Question

QUESTION 3 Symbolize the following argument using the variables p, q, and r. Then construct a complete truth table to show whether or not the argument is valid. Use 1 for T(true) and 0 for F(false). Valid or Invalid? Why? Prove. Explain what your truth table shows. 10 points Total: 3 points for correct symbolic form, 4 points for valid/invalid and reason, 3 points for correct truth table. If Max studies hard, then Max gets an 'A' or Max gets a good grade. Max got an 'A'. .. Max studied hard.

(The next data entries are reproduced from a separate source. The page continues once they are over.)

text \<open>\<open>N\<^sub>s\<close> is a function of \<open>A\<^sub>1, \<dots>, A\<^sub>s\<close>, hence independent of \<open>A\<^sub>s\<^sub>+\<^sub>1\<close>.\<close>
lemma popN_indep_next: "indep_var borel (\<lambda>\<omega>. popN A s \<omega> x) borel (\<lambda>\<omega>. A (Suc s) \<omega> x' y)"
proof -
  let ?past = "\<lambda>\<omega>. restrict (\<lambda>i. entries i \<omega>) {1..s}"
  let ?next = "\<lambda>\<omega>. restrict (\<lambda>i. entries i \<omega>) {Suc s}"
  define f where "f = (\<lambda>F. popN (\<lambda>i F x y. F i (x, y)) s F x)"
  define g where "g = (\<lambda>F. F (Suc s) (x', y) :: real)"
  have eval: "(\<lambda>F. F i (u, v)) \<in> borel_measurable (PiM I (\<lambda>_. matrix_space))" if "i \<in> I" for i I u v
    using measurable_compose[OF measurable_component_singleton[OF that] entry_eval_measurable] by simp
  have "f \<in> borel_measurable (PiM {1..s} (\<lambda>_. matrix_space))"
    unfolding f_def by (rule popN_measurable) (rule eval)
  moreover have "g \<in> borel_measurable (PiM {Suc s} (\<lambda>_. matrix_space))"
    unfolding g_def by (rule eval) simp
  moreover have "indep_var (PiM {1..s} (\<lambda>_. matrix_space)) ?past (PiM {Suc s} (\<lambda>_. matrix_space)) ?next"
    by (rule indep_var_restrict[OF iid_indep]) auto
  ultimately have "indep_var borel (f \<circ> ?past) borel (g \<circ> ?next)"
    by (intro indep_var_compose)
  moreover have "f \<circ> ?past = (\<lambda>\<omega>. popN A s \<omega> x)"
    unfolding f_def comp_def by (intro ext popN_cong) simp
  moreover have "g \<circ> ?next = (\<lambda>\<omega>. A (Suc s) \<omega> x' y)"
    unfolding g_def comp_def by simp
  ultimately show ?thesis by simp
qed

lemma popN_expectation:
  "integrable M (\<lambda>\<omega>. popN A s \<omega> y) \<and> (\<integral>\<omega>. popN A s \<omega> y \<partial>M) = rw_dist (meanA M A) s y"
proof (induction s arbitrary: y)
  case 0
  then show ?case by (simp add: prob_space)
next
  case (Suc s)
  let ?B = "l1ball (int (s * rA)) :: (int ^ 'd) set"
  have summand: "integrable M (\<lambda>\<omega>. popN A s \<omega> x * A (Suc s) \<omega> x y)"
    "(\<integral>\<omega>. popN A s \<omega> x * A (Suc s) \<omega> x y \<partial>M) = rw_dist (meanA M A) s x * meanA M A (y - x)" for x
    using indep_var_integrable[OF popN_indep_next] indep_var_lebesgue_integral[OF popN_indep_next]
      Suc.IH A_integrable A_mean by auto
  let ?S = "\<lambda>\<omega>. \<Sum>x\<in>?B. popN A s \<omega> x * A (Suc s) \<omega> x y"
  have ae: "AE \<omega> in M. popN A (Suc s) \<omega> y = ?S \<omega>"
    using AE_range_upto[of "Suc s"]
  proof eventually_elim
    case (elim \<omega>)
    show ?case by (rule popN_Suc_finite[where n = "Suc s" and R = rA]) (use elim in auto)
  qed
  have S_measurable: "?S \<in> borel_measurable M"
    by (intro borel_measurable_sum borel_measurable_times popN_random_variable A_measurable) simp
  have "integrable M ?S"
    by (intro Bochner_Integration.integrable_sum summand(1))
  then have "integrable M (\<lambda>\<omega>. popN A (Suc s) \<omega> y)"
    using integrable_cong_AE[OF popN_random_variable S_measurable ae] by (simp only:)
  moreover have "(\<integral>\<omega>. popN A (Suc s) \<omega> y \<partial>M) = (\<integral>\<omega>. ?S \<omega> \<partial>M)"
    by (rule integral_cong_AE[OF popN_random_variable S_measurable ae])
  moreover have "(\<integral>\<omega>. ?S \<omega> \<partial>M) = (\<Sum>x\<in>?B. rw_dist (meanA M A) s x * meanA M A (y - x))"
    by (simp add: Bochner_Integration.integral_sum summand)
  moreover have "rw_dist (meanA M A) (Suc s) y = (\<Sum>x\<in>?B. rw_dist (meanA M A) s x * meanA M A (y - x))"
    by (rule rw_dist_Suc_finite) (rule meanA_range)
  ultimately show ?case by (simp only:)
qed

lemma total_meanA_pos:
  assumes "meanA M A y \<noteq> 0"
  shows "0 < total (meanA M A)"
proof -
  have "y \<in> l1ball (int rA)" using assms meanA_range by force
  moreover have "total (meanA M A) = (\<Sum>z\<in>l1ball (int rA). \<bar>meanA M A z\<bar>)"
    by (rule total_finite_support) (auto intro: meanA_range)
  ultimately show ?thesis using assms by (auto intro: sum_pos2)
qed

lemma abar_nonneg: "0 \<le> abar M A y"
  unfolding abar_def by (intro divide_nonneg_nonneg meanA_nonneg total_nonneg)

lemma abar_range: "int rA < l1norm y \<Longrightarrow> abar M A y = 0"
  unfolding abar_def by (simp add: meanA_range)

lemma abar_window:
  assumes "y \<in> l1ball (int (T * rA))" "x \<notin> l1ball (int (Suc T * rA))"
  shows "abar M A (x - y) = 0"
  using assms by (intro abar_range l1norm_far[of y "int (T * rA)"]) auto

lemma abar_mass:
  assumes "0 < total (meanA M A)" "y \<in> l1ball (int (T * rA))"
  shows "(\<Sum>x\<in>l1ball (int (Suc T * rA)). abar M A (x - y)) = 1"
proof -
  have mass: "total (meanA M A) = (\<Sum>z\<in>l1ball (int rA). meanA M A z)"
    using total_finite_support[of "l1ball (int rA)" "meanA M A"] meanA_range meanA_nonneg by force
  have "(\<Sum>x\<in>l1ball (int (Suc T * rA)). abar M A (x - y)) = (\<Sum>z\<in>l1ball (int rA). abar M A z)"
    by (rule sum_translate_support) (auto intro: abar_window[OF assms(2)] abar_range)
  also have "\<dots> = (\<Sum>z\<in>l1ball (int rA). meanA M A z) / total (meanA M A)"
    unfolding abar_def by (simp add: sum_divide_distrib)
  finally show ?thesis using assms(1) mass by simp
qed

lemma popN_window:
  assumes "\<forall>s\<in>{1..T}. \<forall>x y. 0 \<le> A s \<omega> x y"
    and "\<forall>s\<in>{1..T}. \<forall>x y. int rA < l1norm (x - y) \<longrightarrow> A s \<omega> x y = 0"
  shows "0 \<le> popN A T \<omega> x" and "x \<notin> l1ball (int (T * rA)) \<Longrightarrow> popN A T \<omega> x = 0"
  using popN_nonneg[of T A \<omega> T] popN_support[of T rA A \<omega> T] assms by auto

lemma Nbar_expectation:
  "integrable M (\<lambda>\<omega>. Nbar M A T \<omega> y) \<and> (\<integral>\<omega>. Nbar M A T \<omega> y \<partial>M) = rw_dist (abar M A) T y"
  using popN_expectation[of T y] rw_dist_scale[of "meanA M A" "total (meanA M A)" T y]
  unfolding Nbar_def abar_def by simp

subsection \<open>Taking expectations\<close>

text \<open>The mass of \<open>abar * Nbar\<^sub>T\<close> outside \<open>\<Lambda>\<close>, written as the finite sum over the window
  where it lives.\<close>
definition escape_mass :: "nat \<Rightarrow> (int ^ 'd) set \<Rightarrow> 'w \<Rightarrow> real" where
  "escape_mass T \<Lambda> \<omega> = (\<Sum>x\<in>l1ball (int (Suc T * rA)) - \<Lambda>.
      \<Sum>y\<in>l1ball (int (T * rA)). abar M A (x - y) * Nbar M A T \<omega> y)"

lemma escape_mass_expectation:
  "integrable M (escape_mass T \<Lambda>)
    \<and> (\<integral>\<omega>. escape_mass T \<Lambda> \<omega> \<partial>M) = (\<Sum>\<^sub>\<infinity>x\<in>- \<Lambda>. rw_dist (abar M A) (Suc T) x)"
proof -
  let ?G = "l1ball (int (Suc T * rA)) :: (int ^ 'd) set" and ?F = "l1ball (int (T * rA)) :: (int ^ 'd) set"
  have integrable: "integrable M (escape_mass T \<Lambda>)"
    unfolding escape_mass_def using Nbar_expectation by simp
  have "(\<integral>\<omega>. escape_mass T \<Lambda> \<omega> \<partial>M) = (\<Sum>x\<in>?G - \<Lambda>. \<Sum>y\<in>?F. abar M A (x - y) * rw_dist (abar M A) T y)"
    unfolding escape_mass_def using Nbar_expectation
    by (simp add: Bochner_Integration.integral_sum)
  also have "\<dots> = (\<Sum>x\<in>?G - \<Lambda>. rw_dist (abar M A) (Suc T) x)"
  proof -
    have step: "rw_dist (abar M A) (Suc T) x = (\<Sum>y\<in>?F. rw_dist (abar M A) T y * abar M A (x - y))" for x
      by (rule rw_dist_Suc_finite) (rule abar_range)
    show ?thesis by (simp only: step mult.commute)
  qed
  also have "\<dots> = (\<Sum>\<^sub>\<infinity>x\<in>- \<Lambda>. rw_dist (abar M A) (Suc T) x)"
  proof (rule infsum_finite_support[symmetric])
    fix x
    assume "x \<in> - \<Lambda> - (?G - \<Lambda>)"
    then have "int (Suc T * rA) < l1norm x" by (auto simp del: of_nat_mult)
    then show "rw_dist (abar M A) (Suc T) x = 0"
      using rw_dist_support[of rA "abar M A" "Suc T" x] abar_range by blast
  qed auto
  finally show ?thesis using integrable by simp
qed

lemma AE_escape_mass_nonneg: "AE \<omega> in M. 0 \<le> escape_mass T \<Lambda> \<omega>"
  using AE_nonneg_upto[of T] AE_range_upto[of T]
proof eventually_elim
  case (elim \<omega>)
  then show ?case
    unfolding escape_mass_def Nbar_def
    by (intro sum_nonneg mult_nonneg_nonneg divide_nonneg_nonneg abar_nonneg zero_le_power
        total_nonneg popN_window(1))
qed

lemma AE_pointwise_bound:
  assumes Z: "0 < total (meanA M A)" and h: "0 < h" "h < 1" and \<Lambda>: "finite \<Lambda>"
  shows "AE \<omega> in M. total (Nbar M A T \<omega>) powr h - 2 * escape_mass T \<Lambda> \<omega> powr h
      \<le> real (card \<Lambda>) * (total (Nbar M A T \<omega>) powr h * total (\<lambda>x. (conv (abar M A) (rho A T \<omega>) x)\<^sup>2))
    \<and> total (\<lambda>x. (conv (abar M A) (rho A T \<omega>) x)\<^sup>2) \<le> 1"
  using AE_nonneg_upto[of T] AE_range_upto[of T]
proof eventually_elim
  case (elim \<omega>)
  note window = popN_window[OF elim] finite_l1ball abar_nonneg abar_window finite_l1ball abar_mass[OF Z]
  have Nbar: "Nbar M A T \<omega> = (\<lambda>x. popN A T \<omega> x / total (meanA M A) ^ T)"
    by (simp add: Nbar_def fun_eq_iff)
  show ?case
    using pointwise_bound[OF window _ h \<Lambda>] total_sq_conv_normalized(2)[OF window] Z
    unfolding escape_mass_def Nbar rho_eq_normalized by simp
qed

lemma total_Nbar_integrable: "integrable M (\<lambda>\<omega>. total (Nbar M A T \<omega>))"
proof -
  have "AE \<omega> in M. total (Nbar M A T \<omega>) = (\<Sum>x\<in>l1ball (int (T * rA)). Nbar M A T \<omega> x)"
    using AE_nonneg_upto[of T] AE_range_upto[of T]
  proof eventually_elim
    case (elim \<omega>)
    show ?case
      using total_finite_support[of "l1ball (int (T * rA))" "Nbar M A T \<omega>"] popN_window[OF elim]
      unfolding Nbar_def by (simp add: abs_of_nonneg divide_nonneg_nonneg total_nonneg)
  qed
  moreover have "integrable M (\<lambda>\<omega>. \<Sum>x\<in>l1ball (int (T * rA)). Nbar M A T \<omega> x)"
    using Nbar_expectation by simp
  moreover have "(\<lambda>\<omega>. total (Nbar M A T \<omega>)) \<in> borel_measurable M"
    unfolding total_def Nbar_def by measurable
  ultimately show ?thesis
    by (subst integrable_cong_AE[where g = "\<lambda>\<omega>. \<Sum>x\<in>l1ball (int (T * rA)). Nbar M A T \<omega> x"]) auto
qed

lemma total_sq_conv_measurable:
  "(\<lambda>\<omega>. total (\<lambda>x. (conv (abar M A) (rho A T \<omega>) x)\<^sup>2)) \<in> borel_measurable M"
  unfolding total_def conv_def rho_def by measurable

lemma expected_bound:
  assumes Z: "0 < total (meanA M A)" and h: "0 < h" "h < 1" and \<Lambda>: "finite \<Lambda>"
  shows "(\<integral>\<omega>. total (Nbar M A T \<omega>) powr h \<partial>M)
           - 2 * (\<Sum>\<^sub>\<infinity>x\<in>- \<Lambda>. rw_dist (abar M A) (Suc T) x) powr h
      \<le> real (card \<Lambda>) * (\<integral>\<omega>. total (Nbar M A T \<omega>) powr h
                                * total (\<lambda>x. (conv (abar M A) (rho A T \<omega>) x)\<^sup>2) \<partial>M)"
proof -
  let ?n = "\<lambda>\<omega>. total (Nbar M A T \<omega>) powr h"
  let ?c = "\<lambda>\<omega>. total (\<lambda>x. (conv (abar M A) (rho A T \<omega>) x)\<^sup>2)"
  let ?Y = "escape_mass T \<Lambda>"
  have n_int: "integrable M ?n"
    by (rule powr_jensen(1)[OF total_Nbar_integrable _ h]) (simp add: total_nonneg)
  have nc_int: "integrable M (\<lambda>\<omega>. ?n \<omega> * ?c \<omega>)"
  proof (rule Bochner_Integration.integrable_bound[OF n_int])
    show "(\<lambda>\<omega>. ?n \<omega> * ?c \<omega>) \<in> borel_measurable M"
      using n_int total_sq_conv_measurable by measurable
    show "AE \<omega> in M. norm (?n \<omega> * ?c \<omega>) \<le> norm (?n \<omega>)"
      using AE_pointwise_bound[OF Z h \<Lambda>, of T]
      by eventually_elim (simp add: abs_mult total_nonneg mult_left_le)
  qed
  have Y: "integrable M ?Y" "(\<integral>\<omega>. ?Y \<omega> \<partial>M) = (\<Sum>\<^sub>\<infinity>x\<in>- \<Lambda>. rw_dist (abar M A) (Suc T) x)"
    using escape_mass_expectation by auto
  note jensen = powr_jensen[OF Y(1) AE_escape_mass_nonneg h]
  have "(\<integral>\<omega>. ?n \<omega> - 2 * ?Y \<omega> powr h \<partial>M) \<le> (\<integral>\<omega>. real (card \<Lambda>) * (?n \<omega> * ?c \<omega>) \<partial>M)"
    using n_int nc_int jensen(1) AE_pointwise_bound[OF Z h \<Lambda>, of T]
    by (intro integral_mono_AE) auto
  then have "(\<integral>\<omega>. ?n \<omega> \<partial>M) - 2 * (\<integral>\<omega>. ?Y \<omega> powr h \<partial>M) \<le> real (card \<Lambda>) * (\<integral>\<omega>. ?n \<omega> * ?c \<omega> \<partial>M)"
    using n_int jensen(1) by simp
  moreover have "(\<integral>\<omega>. ?Y \<omega> powr h \<partial>M) \<le> (\<Sum>\<^sub>\<infinity>x\<in>- \<Lambda>. rw_dist (abar M A) (Suc T) x) powr h"
    using jensen(2) unfolding Y(2) .
  ultimately show ?thesis by linarith
qed

end

lemma nonzero_of_spanning:
  fixes a :: "int ^ 'd::finite \<Rightarrow> real"
  assumes "\<exists>B \<subseteq> to_real_vec ` {x. (\<Sum>\<^sub>\<infinity>y. a (x + y) * a y) \<noteq> 0}. independent B \<and> span B = UNIV"
  shows "\<exists>y. a y \<noteq> 0"
proof (rule ccontr)
  assume "\<not> (\<exists>y. a y \<noteq> 0)"
  then obtain B :: "(real ^ 'd) set" where "B = {}" "span B = UNIV"
    using assms by auto
  then have "(1 :: real ^ 'd) = 0" by auto
  then show False by simp
qed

IP q

Answer 1

The argument is symbolized as follows :

p : Max studies hard.

q : Max gets an 'A'.

r : Max gets a good grade.

So, the premises are :

• p -> ( q v r )
• q

The conclusion to be proved is :

p.

The truth table is :

p	q	r	( q v r )	p -> ( q v r )	( p -> ( q v r ) ) ∧ q	( ( p -> ( q v r ) ) ∧ q ) -> p
0	0	0	0	1	0	1
0	0	1	1	1	0	1
0	1	0	1	1	1	0
0	1	1	1	1	1	0
1	0	0	0	0	0	1
1	0	1	1	1	0	1
1	1	0	1	1	1	1
1	1	1	1	1	1	1

The given argument is invalid.

The reason is that the resulting final expression ( ( p -> ( q v r ) ) ∧ q ) -> p is not a tautology but a contingency. In order to have the argument to be valid, the resulting expression must be a tautology but the given truth table proves that the final expression is a contingency that is all values are not 1.